Ohio's $60 Million Bribery Scandal Is Still on Your Electric Bill

Bribery, dark money, data centers, and rate hikes. Ohio’s energy crisis has a body count of careers and a price tag in the billions. And Sen. Husted was in the room the whole time.

As an Ohioan with a $700 electric bill this past January, and a $586 electric bill last month, I felt compelled to write this piece. So, if you live in Ohio like me, and your electric bill has been climbing, you’re NOT imagining things. And it’s not just inflation under the out-of-control Trump regime, either. It’s corruption, regulatory capture, corporate greed, and a data center gold rush that’s draining the grid while sticking YOU with the tab. These aren’t separate problems.

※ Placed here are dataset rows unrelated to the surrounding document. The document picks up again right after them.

(* For every $\mathbb T\in\mathrm{Tab}_\lambda$ (identified with $1\otimes\mathbb T\in\mathcal M_\lambda$) and every $1\le i\le N$, $\mathbb T\,\Xi_i=s^{\mathrm{CT}_{\mathbb T}[i]}\,\mathbb T$.
   Context: $N\ge2$, $q,s$ indeterminates, $K=\mathbb C(q,s)$. Operators act on the right, composed left to right. $\mathcal H_N(s)$ is generated by $T_1,\dots,T_{N-1}$ with $(T_i+1)(T_i-s)=0$ and the braid relations. $\lambda$ is a partition of $N$ (French convention, rows numbered bottom to top); $\mathrm{Tab}_\lambda$ = reverse standard tableaux (bijective fillings by $1,\dots,N$ strictly decreasing left to right in rows and bottom to top in columns); $\mathrm{CT}_{\mathbb T}[i]$ = column minus row of the cell containing $i$; $\mathbb T^{(i,j)}$ exchanges $i,j$. $V_\lambda$ has basis $\mathrm{Tab}_\lambda$ with right action $\mathbb TT_i=s\mathbb T$ if $i,i+1$ share a row, $-\mathbb T$ if they share a column, and if $i$ is in a higher row than $i+1$, with $m=\mathrm{CT}_{\mathbb T}[i+1]-\mathrm{CT}_{\mathbb T}[i]>0$, $\mathbb TT_i=\frac{s-1}{1-s^m}\mathbb T+\frac{s(1-s^{m+1})(1-s^{m-1})}{(1-s^m)^2}\mathbb T^{(i,i+1)}$; the remaining case is determined by this formula for $\mathbb T^{(i,i+1)}$ and the quadratic relation. $\mathcal M_\lambda=K[x_1,\dots,x_N]\otimes V_\lambda$; with $p^{s_i}$ = $p$ with $x_i,x_{i+1}$ exchanged: $(p\otimes u)\mathbf T_i=(1-s)\frac{x_{i+1}(p-p^{s_i})}{x_i-x_{i+1}}\otimes u+p^{s_i}\otimes uT_i$, $(p\otimes u)\mathbf w=p(qx_N,x_1,\dots,x_{N-1})\otimes uT_1\cdots T_{N-1}$, $\mathbf T_i^{-1}=s^{-1}(\mathbf T_i+1-s)$. Cherednik operators: $\Xi_i=s^{i-N}\mathbf T_{i-1}^{-1}\cdots\mathbf T_1^{-1}\mathbf w\mathbf T_{N-1}\cdots\mathbf T_i$. *)

theory Defs
  imports Complex_Main "HOL-Library.Poly_Mapping" "HOL-Computational_Algebra.Polynomial"
    "HOL-Computational_Algebra.Fraction_Field"
begin

text \<open>K is the fraction field of C[q][s], i.e. C(q,s). The inner polynomial variable is q,
  the outer one is s.\<close>
type_synonym K = "complex poly poly fract"

definition qK :: K where "qK = Fract [:[:0, 1:]:] 1"
definition sK :: K where "sK = Fract [:0, 1:] 1"

definition is_partition :: "nat \<Rightarrow> nat list \<Rightarrow> bool" where
  "is_partition N lam \<longleftrightarrow> sorted (rev lam) \<and> (\<forall>x\<in>set lam. 0 < x) \<and> sum_list lam = N"

text \<open>French convention, 0-indexed: cell (r,c) lies in row r (counted from the bottom,
  row 0 is the longest row) and column c.\<close>
definition diagram :: "nat list \<Rightarrow> (nat \<times> nat) set" where
  "diagram lam = {(r, c). r < length lam \<and> c < lam ! r}"

type_synonym tableau = "nat \<times> nat \<Rightarrow> nat"

definition Tab :: "nat list \<Rightarrow> tableau set" where
  "Tab lam = {T. (\<forall>x. x \<notin> diagram lam \<longrightarrow> T x = 0)
      \<and> bij_betw T (diagram lam) {1..sum_list lam}
      \<and> (\<forall>r c. (r, Suc c) \<in> diagram lam \<longrightarrow> T (r, c) > T (r, Suc c))
      \<and> (\<forall>r c. (Suc r, c) \<in> diagram lam \<longrightarrow> T (r, c) > T (Suc r, c))}"

definition pos :: "tableau \<Rightarrow> nat \<Rightarrow> nat \<times> nat" where
  "pos T k = (THE x. T x = k)"

definition CT :: "tableau \<Rightarrow> nat \<Rightarrow> int" where
  "CT T k = int (snd (pos T k)) - int (fst (pos T k))"

definition tab_swap :: "tableau \<Rightarrow> nat \<Rightarrow> nat \<Rightarrow> tableau" where
  "tab_swap T i j = (\<lambda>x. if T x = i then j else if T x = j then i else T x)"

definition kscale :: "K \<Rightarrow> ('a \<Rightarrow>\<^sub>0 K) \<Rightarrow> ('a \<Rightarrow>\<^sub>0 K)" where
  "kscale c v = Poly_Mapping.map (\<lambda>x. c * x) v"

definition lin_ext :: "('a \<Rightarrow> ('b \<Rightarrow>\<^sub>0 K)) \<Rightarrow> ('a \<Rightarrow>\<^sub>0 K) \<Rightarrow> ('b \<Rightarrow>\<^sub>0 K)" where
  "lin_ext f v = (\<Sum>a\<in>Poly_Mapping.keys v. kscale (Poly_Mapping.lookup v a) (f a))"

type_synonym vlam = "tableau \<Rightarrow>\<^sub>0 K"

definition hk_a :: "int \<Rightarrow> K" where
  "hk_a m = (sK - 1) / (1 - sK powi m)"

definition hk_b :: "int \<Rightarrow> K" where
  "hk_b m = sK * (1 - sK powi (m + 1)) * (1 - sK powi (m - 1)) / (1 - sK powi m)^2"

text \<open>In the last case (i in a lower row than i+1)
  the coefficients are exactly those forced by the formula for U = T^(i,i+1) and the quadratic
  relation: from U T_i = a U + b T and T_i^2 = (s-1) T_i + s one gets
  T T_i = (s - 1 - a) T + ((s - 1 - a) a + s)/b U.\<close>
definition hecke_tab :: "nat \<Rightarrow> tableau \<Rightarrow> vlam" where
  "hecke_tab i T =
    (if fst (pos T i) = fst (pos T (Suc i)) then Poly_Mapping.single T sK
     else if snd (pos T i) = snd (pos T (Suc i)) then Poly_Mapping.single T (-1)
     else if fst (pos T i) > fst (pos T (Suc i)) then
       (let m = CT T (Suc i) - CT T i in
          Poly_Mapping.single T (hk_a m) + Poly_Mapping.single (tab_swap T i (Suc i)) (hk_b m))
     else
       (let U = tab_swap T i (Suc i); m = CT U (Suc i) - CT U i; a = hk_a m; b = hk_b m in
          Poly_Mapping.single T (sK - 1 - a) + Poly_Mapping.single U (((sK - 1 - a) * a + sK) / b)))"

definition hecke_V :: "nat \<Rightarrow> vlam \<Rightarrow> vlam" where
  "hecke_V i v = lin_ext (hecke_tab i) v"

type_synonym mono = "nat \<Rightarrow>\<^sub>0 nat"
type_synonym mpoly = "mono \<Rightarrow>\<^sub>0 K"

definition var :: "nat \<Rightarrow> mpoly" where
  "var j = Poly_Mapping.single (Poly_Mapping.single j 1) 1"

definition mono_swap :: "nat \<Rightarrow> mono \<Rightarrow> mono" where
  "mono_swap i a = Abs_poly_mapping (\<lambda>k. Poly_Mapping.lookup a
      (if k = i then Suc i else if k = Suc i then i else k))"

definition poly_swap :: "nat \<Rightarrow> mpoly \<Rightarrow> mpoly" where
  "poly_swap i p = lin_ext (\<lambda>a. Poly_Mapping.single (mono_swap i a) 1) p"

text \<open>exponent vector of x^a(q x_N, x_1, ..., x_{N-1}) (without the factor q^{a_1})\<close>
definition mono_w :: "nat \<Rightarrow> mono \<Rightarrow> mono" where
  "mono_w N a = Abs_poly_mapping (\<lambda>k. if k = N then Poly_Mapping.lookup a 1
      else if 1 \<le> k \<and> k < N then Poly_Mapping.lookup a (Suc k) else Poly_Mapping.lookup a k)"

text \<open>p(q x_N, x_1, ..., x_{N-1})\<close>
definition poly_w :: "nat \<Rightarrow> mpoly \<Rightarrow> mpoly" where
  "poly_w N p = lin_ext (\<lambda>a. Poly_Mapping.single (mono_w N a) (qK ^ Poly_Mapping.lookup a 1)) p"

definition divdiff :: "nat \<Rightarrow> mpoly \<Rightarrow> mpoly" where
  "divdiff i p = (THE r. r * (var i - var (Suc i)) = p - poly_swap i p)"

type_synonym mlam = "(mono \<times> tableau) \<Rightarrow>\<^sub>0 K"

definition tensor :: "mpoly \<Rightarrow> vlam \<Rightarrow> mlam" where
  "tensor p u = Abs_poly_mapping (\<lambda>(a, T). Poly_Mapping.lookup p a * Poly_Mapping.lookup u T)"

definition opT :: "nat \<Rightarrow> mlam \<Rightarrow> mlam" where
  "opT i = lin_ext (\<lambda>(a, T).
      tensor (kscale (1 - sK) (var (Suc i) * divdiff i (Poly_Mapping.single a 1))) (Poly_Mapping.single T 1)
    + tensor (poly_swap i (Poly_Mapping.single a 1)) (hecke_tab i T))"

definition opTinv :: "nat \<Rightarrow> mlam \<Rightarrow> mlam" where
  "opTinv i v = kscale (inverse sK) (opT i v + kscale (1 - sK) v)"

text \<open>(p (x) u) w = p(q x_N, x_1, ..., x_{N-1}) (x) u T_1 ... T_{N-1}  (right action, T_1 first)\<close>
definition opw :: "nat \<Rightarrow> mlam \<Rightarrow> mlam" where
  "opw N = lin_ext (\<lambda>(a, T).
      tensor (poly_w N (Poly_Mapping.single a 1))
             (fold hecke_V [1..<N] (Poly_Mapping.single T 1)))"

text \<open>Xi_i = s^{i-N} T_{i-1}^{-1} ... T_1^{-1} w T_{N-1} ... T_i, operators acting on the right
  and composed left to right (so T_{i-1}^{-1} is applied first).\<close>
definition Xi :: "nat \<Rightarrow> nat \<Rightarrow> mlam \<Rightarrow> mlam" where
  "Xi N i v = kscale (sK powi (int i - int N))
      (fold opT (rev [i..<N]) (opw N (fold opTinv (rev [1..<i]) v)))"

end

theory Submission
  imports Defs
begin

text \<open>On constant polynomials the divided differences vanish and \<open>w\<close> acts through
  \<open>T_1 \<cdots> T_(N-1)\<close> alone, so on \<open>1 \<otimes> V\<close> the operator \<open>\<Xi>_i\<close> becomes the Jucys--Murphy
  element \<open>J_i = s^(i-N) T_i \<cdots> T_(N-1) T_(N-1) \<cdots> T_i\<close>, which satisfies \<open>J_N = 1\<close> and
  \<open>J_i = s^(-1) T_i J_(i+1) T_i\<close>. The eigenvalue \<open>s^CT[i]\<close> follows by downward induction on
  \<open>i\<close>, starting from \<open>CT[N] = 0\<close>. If \<open>i\<close> and \<open>i + 1\<close> share a row or a column, \<open>T_i\<close> acts
  on the tableau by \<open>s\<close> or \<open>-1\<close> and the content changes by \<open>\<plusminus>1\<close>. Otherwise the tableau and
  its \<open>(i, i + 1)\<close>-transposition span a \<open>T_i\<close>-stable plane on which \<open>J_(i+1)\<close> is diagonal,
  and the claim reduces to \<open>a s^m + (s - 1 - a) = 0\<close> for \<open>a = (s - 1) / (1 - s^m)\<close>, where
  \<open>m\<close> is the content difference.\<close>

lemma sK_nonzero: "sK \<noteq> 0"
  by (simp add: sK_def Zero_fract_def eq_fract)

lemma sK_power: "sK ^ n = Fract ([:0, 1:] ^ n) 1"
  by (induction n) (simp_all add: sK_def One_fract_def)

lemma sK_power_ne_one:
  assumes "n > 0"
  shows "sK ^ n \<noteq> 1"
proof
  assume "sK ^ n = 1"
  then have "([:0, 1:] :: complex poly poly) ^ n = 1"
    by (simp add: sK_power One_fract_def eq_fract)
  then have "degree (([:0, 1:] :: complex poly poly) ^ n) = 0"
    by simp
  with assms show False
    by (simp add: degree_power_eq)
qed

lemma sK_power_int_ne_one:
  assumes "m \<noteq> 0"
  shows "sK powi m \<noteq> 1"
proof (cases "m \<ge> 0")
  case True
  with assms sK_power_ne_one[of "nat m"] show ?thesis
    by (simp add: power_int_def)
next
  case False
  with sK_power_ne_one[of "nat (- m)"] sK_nonzero show ?thesis
    by (simp add: power_int_def power_inverse)
qed

lemma sK_power_int_diff: "sK powi k = sK powi l * sK powi (k - l)"
  using sK_nonzero by (simp add: power_int_add[symmetric])

lemma hk_b_nonzero: "m \<ge> 2 \<Longrightarrow> hk_b m \<noteq> 0"
  using sK_nonzero sK_power_int_ne_one[of m] sK_power_int_ne_one[of "m + 1"]
    sK_power_int_ne_one[of "m - 1"]
  by (simp add: hk_b_def)

lemma hk_a_eigen_relation: "m \<noteq> 0 \<Longrightarrow> hk_a m * sK powi m + (sK - 1 - hk_a m) = 0"
  using sK_power_int_ne_one[of m] by (simp add: hk_a_def field_simps)

lemma lookup_kscale [simp]: "Poly_Mapping.lookup (kscale c v) x = c * Poly_Mapping.lookup v x"
  by (simp add: kscale_def map.rep_eq when_def)

lemma kscale_add_right: "kscale c (u + v) = kscale c u + kscale c v"
  by (rule poly_mapping_eqI) (simp add: lookup_add algebra_simps)

lemma kscale_add_left: "kscale (c + d) u = kscale c u + kscale d u"
  by (rule poly_mapping_eqI) (simp add: lookup_add algebra_simps)

lemma kscale_kscale [simp]: "kscale c (kscale d u) = kscale (c * d) u"
  by (rule poly_mapping_eqI) (simp add: algebra_simps)

lemma kscale_one [simp]: "kscale 1 u = u"
  by (rule poly_mapping_eqI) simp

lemma kscale_zero [simp]: "kscale 0 u = 0" "kscale c 0 = 0"
  by (rule poly_mapping_eqI, simp)+

lemma kscale_single [simp]: "kscale c (Poly_Mapping.single a d) = Poly_Mapping.single a (c * d)"
  by (rule poly_mapping_eqI) (simp add: lookup_single when_def)

lemma kscale_sum: "kscale c (sum f A) = (\<Sum>a\<in>A. kscale c (f a))"
  by (induction A rule: infinite_finite_induct) (simp_all add: kscale_add_right)

lemma keys_kscale_subset: "Poly_Mapping.keys (kscale c v) \<subseteq> Poly_Mapping.keys v"
  by (auto simp: in_keys_iff)

lemma keys_single_add_single_subset:
  "Poly_Mapping.keys (Poly_Mapping.single a x + Poly_Mapping.single b y) \<subseteq> {a, b}"
  by (rule order_trans[OF keys_add]) auto

lemma lin_ext_superset:
  assumes "finite S" "Poly_Mapping.keys v \<subseteq> S"
  shows "lin_ext f v = (\<Sum>a\<in>S. kscale (Poly_Mapping.lookup v a) (f a))"
  unfolding lin_ext_def
  by (rule sum.mono_neutral_left) (use assms in \<open>auto simp: in_keys_iff\<close>)

lemma lin_ext_add: "lin_ext f (u + v) = lin_ext f u + lin_ext f v"
proof -
  let ?S = "Poly_Mapping.keys u \<union> Poly_Mapping.keys v"
  have "lin_ext f (u + v) = (\<Sum>a\<in>?S. kscale (Poly_Mapping.lookup (u + v) a) (f a))"
    by (rule lin_ext_superset) (auto simp: keys_add)
  also have "\<dots> = (\<Sum>a\<in>?S. kscale (Poly_Mapping.lookup u a) (f a))
      + (\<Sum>a\<in>?S. kscale (Poly_Mapping.lookup v a) (f a))"
    by (simp add: lookup_add kscale_add_left sum.distrib)
  also have "\<dots> = lin_ext f u + lin_ext f v"
    using lin_ext_superset[of ?S u f] lin_ext_superset[of ?S v f] by simp
  finally show ?thesis .
qed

They’re one connected story, and it leads straight from a $60 million bribery scheme to the desk of a sitting United States Senator who just testified under oath in a criminal trial.

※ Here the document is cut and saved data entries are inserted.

lemma comm_ring_hom_poly_eval: "comm_ring_hom (poly_eval X)"
  unfolding poly_eval_def by (rule poly_lift_hom.comm_ring_hom[OF poly_lift_hom_poly_eval])

interpretation poly_eval: comm_ring_hom "poly_eval X"
  by (rule comm_ring_hom_poly_eval)

lemma poly_eval_pvar [simp]: "poly_eval X (pvar v) = X v"
  by (simp add: poly_eval_def pvar_def poly_lift_hom.poly_lift_single[OF poly_lift_hom_poly_eval])

lemma poly_eval_pmonom [simp]: "poly_eval X (pmonom a) = monom_eval X a"
  by (simp add: poly_eval_def pmonom_def poly_lift_hom.poly_lift_single[OF poly_lift_hom_poly_eval])

lemma ideal_gen_generator: "g \<in> G \<Longrightarrow> g \<in> ideal_gen V G"
  unfolding ideal_gen_def
  by (intro CollectI exI[of _ "{g}"] exI[of _ "\<lambda>_. 1"]) (simp add: poly_ring_def)

lemma ideal_gen_in_kernel:
  assumes "comm_ring_hom \<phi>" "\<And>g. g \<in> G \<Longrightarrow> \<phi> g = 0" "f \<in> ideal_gen V G"
  shows "\<phi> f = 0"
proof -
  interpret comm_ring_hom \<phi> by (rule assms(1))
  obtain A c where A: "A \<subseteq> G" "f = (\<Sum>g\<in>A. c g * g)"
    using assms(3) unfolding ideal_gen_def by blast
  have "\<phi> (c g * g) = 0" if "g \<in> A" for g
    using that A(1) assms(2) by (auto simp: hom_mult)
  then show ?thesis
    by (simp add: A(2) hom_sum)
qed

lemma saturation_in_kernel:
  fixes \<phi> :: "'v cpoly \<Rightarrow> 'b::idom"
  assumes "comm_ring_hom \<phi>" "\<And>g. g \<in> I \<Longrightarrow> \<phi> g = 0" "\<And>v. v \<in> V \<Longrightarrow> \<phi> (pvar v) \<noteq> 0"
    and "f \<in> saturation V I"
  shows "\<phi> f = 0"
proof -
  interpret comm_ring_hom \<phi> by (rule assms(1))
  obtain k where "(\<Prod>v\<in>V. pvar v) ^ k * f \<in> I"
    using assms(4) unfolding saturation_def by blast
  then have "\<phi> ((\<Prod>v\<in>V. pvar v) ^ k * f) = 0"
    by (rule assms(2))
  then have "(\<Prod>v\<in>V. \<phi> (pvar v)) ^ k * \<phi> f = 0"
    by (simp add: hom_mult hom_power hom_prod)
  moreover have "(\<Prod>v\<in>V. \<phi> (pvar v)) \<noteq> 0"
    using assms(3) by (cases "finite V") simp_all
  ultimately show ?thesis
    by simp
qed

section \<open>Minors of matrices of low rank\<close>

lemma mat_sum_products_eq_mult:
  fixes U :: "'k \<Rightarrow> nat \<Rightarrow> 'b::comm_ring_1"
  assumes h: "bij_betw h {..<r} K" and "r \<le> n"
  shows "Matrix.mat n n (\<lambda>(i, j). \<Sum>k\<in>K. U k i * W k j)
    = Matrix.mat n n (\<lambda>(i, l). if l < r then U (h l) i else 0)
      * Matrix.mat n n (\<lambda>(l, j). if l < r then W (h l) j else 0)"
    (is "?M = ?A * ?B")
proof (rule eq_matI)
  fix i j assume "i < dim_row (?A * ?B)" "j < dim_col (?A * ?B)"
  then have ij: "i < n" "j < n" by auto
  have "(\<Sum>k\<in>K. U k i * W k j) = (\<Sum>l<r. U (h l) i * W (h l) j)"
    using sum.reindex_bij_betw[OF h, of "\<lambda>k. U k i * W k j"] by simp
  also have "\<dots> = (\<Sum>l<n. if l < r then U (h l) i * W (h l) j else 0)"
    using \<open>r \<le> n\<close> by (simp add: sum.If_cases Int_absorb1 flip: lessThan_def)
  finally show "?M $$ (i, j) = (?A * ?B) $$ (i, j)"
    using ij by (simp add: scalar_prod_def atLeast0LessThan if_distrib cong: if_cong)
qed auto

This is the story of how FirstEnergy bought the Ohio Statehouse, how the man tasked with regulating them was on their payroll, how data centers are driving your electric bills through the roof, and how the people responsible keep getting promoted instead of prosecuted.

The Largest Bribery Scheme in Ohio History

Here’s what happened. FirstEnergy Corp. and its affiliates funneled approximately $60 million through dark money groups into a tax-exempt organization called Generation Now, which was controlled by Larry Householder. That money helped elect supportive legislators during the 2018 Ohio House elections, helped Householder become Speaker of the House in 2019, and then rammed through House Bill 6, a billion-dollar bailout of FirstEnergy’s failing Perry and Davis-Besse nuclear plants, plus subsidies for two 1950s-era coal plants. U.S. Attorney David M. DeVillers called it “likely the largest bribery, money laundering scheme ever perpetrated against the people of the state of Ohio.”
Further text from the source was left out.